AP Physics C Electricity & Magnetism

This highly demanding 2-mod course follows the AP Physics C-Electricity & Magnetism syllabus, preparing students for calculus-based physics at the university level. Topics include electrostatics, conductors, capacitors, dielectrics, inductance, electric circuits, magnetic fields, and electromagnetism. Students learn how to solve complex physics problems using differential and integral calculus. Students must have mastered multi-variable algebra, trigonometry, vectors, logarithms, exponents, basic differentiation and integration, and mathematical modeling of data with and without a graphing calculator.

Taking the AP Physics C: Electricity & Magnetism exam is a requirement of this course.
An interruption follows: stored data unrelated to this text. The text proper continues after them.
(* Let $k,s\in\mathbb{R}$ with $\max\{0,s\}<2k+1/2$ and $s\le k+1/2$. Let $b>1/2$ and $\max\{1/4,\ \max\{0,s\}-2k\}<a<1/2$. Then there is a constant $C$ such that for all $u,w\in X^{k,b}$, $$\|u\bar w\|_{H^{-a}_tH^s_x}\le C\|u\|_{X^{k,b}}\|w\|_{X^{k,b}}.$$
   Context: Functions are on $\mathbb{R}_x\times\mathbb{R}_t$; $\widehat f$ is the space-time Fourier transform, $\langle x\rangle=1+|x|$. $\|f\|_{X^{s,b}}=\big(\int\langle\xi\rangle^{2s}\langle\tau+\tfrac12\xi^2\rangle^{2b}|\widehat f(\xi,\tau)|^2d\xi d\tau\big)^{1/2}$, $\|f\|_{H^b_tH^s_x}=\big(\int\langle\xi\rangle^{2s}\langle\tau\rangle^{2b}|\widehat f(\xi,\tau)|^2d\xi d\tau\big)^{1/2}$. *)

theory Defs
  imports "HOL-Analysis.Analysis"
begin

text \<open>Everything is expressed on the Fourier side: a space-time function/distribution
  u is represented by its space-time Fourier transform U = hat u :: real*real => complex,
  with first coordinate the spatial frequency xi and second the time frequency tau.\<close>

definition jbr :: "real \<Rightarrow> real" where
  "jbr x = 1 + \<bar>x\<bar>"

definition Xsb_sq :: "real \<Rightarrow> real \<Rightarrow> (real \<times> real \<Rightarrow> complex) \<Rightarrow> ennreal" where
  "Xsb_sq sx b U = (\<integral>\<^sup>+ p. (ennreal ((jbr (fst p) powr (2 * sx)) * (jbr (snd p + (fst p)^2 / 2) powr (2 * b))
                      * (cmod (U p))^2)) \<partial>lborel)"

definition HbHs_sq :: "real \<Rightarrow> real \<Rightarrow> (real \<times> real \<Rightarrow> complex) \<Rightarrow> ennreal" where
  "HbHs_sq b sx U = (\<integral>\<^sup>+ p. (ennreal ((jbr (fst p) powr (2 * sx)) * (jbr (snd p) powr (2 * b))
                      * (cmod (U p))^2)) \<partial>lborel)"

definition in_Xsb :: "real \<Rightarrow> real \<Rightarrow> (real \<times> real \<Rightarrow> complex) \<Rightarrow> bool" where
  "in_Xsb s b U \<longleftrightarrow> U \<in> borel_measurable lborel \<and> Xsb_sq s b U < \<infinity>"

definition Xsb_norm :: "real \<Rightarrow> real \<Rightarrow> (real \<times> real \<Rightarrow> complex) \<Rightarrow> real" where
  "Xsb_norm s b U = sqrt (enn2real (Xsb_sq s b U))"

definition HbHs_norm :: "real \<Rightarrow> real \<Rightarrow> (real \<times> real \<Rightarrow> complex) \<Rightarrow> real" where
  "HbHs_norm b s U = sqrt (enn2real (HbHs_sq b s U))"

text \<open>Fourier transform of the product u * conj w, given hat u = U, hat w = W
  (up to the normalising constant of the Fourier transform, which is absorbed in C):
  hat(u conj w)(p) = int U(q) conj(W(q - p)) dq.\<close>
definition prod_conj_FT :: "(real \<times> real \<Rightarrow> complex) \<Rightarrow> (real \<times> real \<Rightarrow> complex) \<Rightarrow> (real \<times> real \<Rightarrow> complex)" where
  "prod_conj_FT U W = (\<lambda>p. \<integral> q. U q * cnj (W (q - p)) \<partial>lborel)"

end

theory Submission
  imports Defs
begin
Min-Max Credit Hours: 2.0-2.0

Prerequisite: 2 credits of Intensive Physics; plus AP Calculus - AB, or at least one mod of either Calculus or AP Calculus - BC
Prerequisite '22-'23: Intensive Physics (A-); plus AP Calculus - AB, or AP Calculus - BC, or IB Calculus SL

Open to: 11, 12

AP Spanish

Students can prepare for the AP Spanish Language and Culture exam by taking 3 mods of Intensive Spanish 4 (SPA451A) along with an additional mod that focuses on AP exam preparation. Students enter this class experienced in reading, writing, speaking, and understanding Spanish. This class is conducted entirely in Spanish and active oral participation is key. Each year, the literary, grammatical, and cultural foci of this class may vary. Students read, interpret and discuss formal and informal prose and literature, listen to authentic audio and video recordings, develop speaking skills in a variety of settings, and write both formal essays and informal communications.

It is expected that students in this course will take the AP Spanish Language exam Spanish exam in May.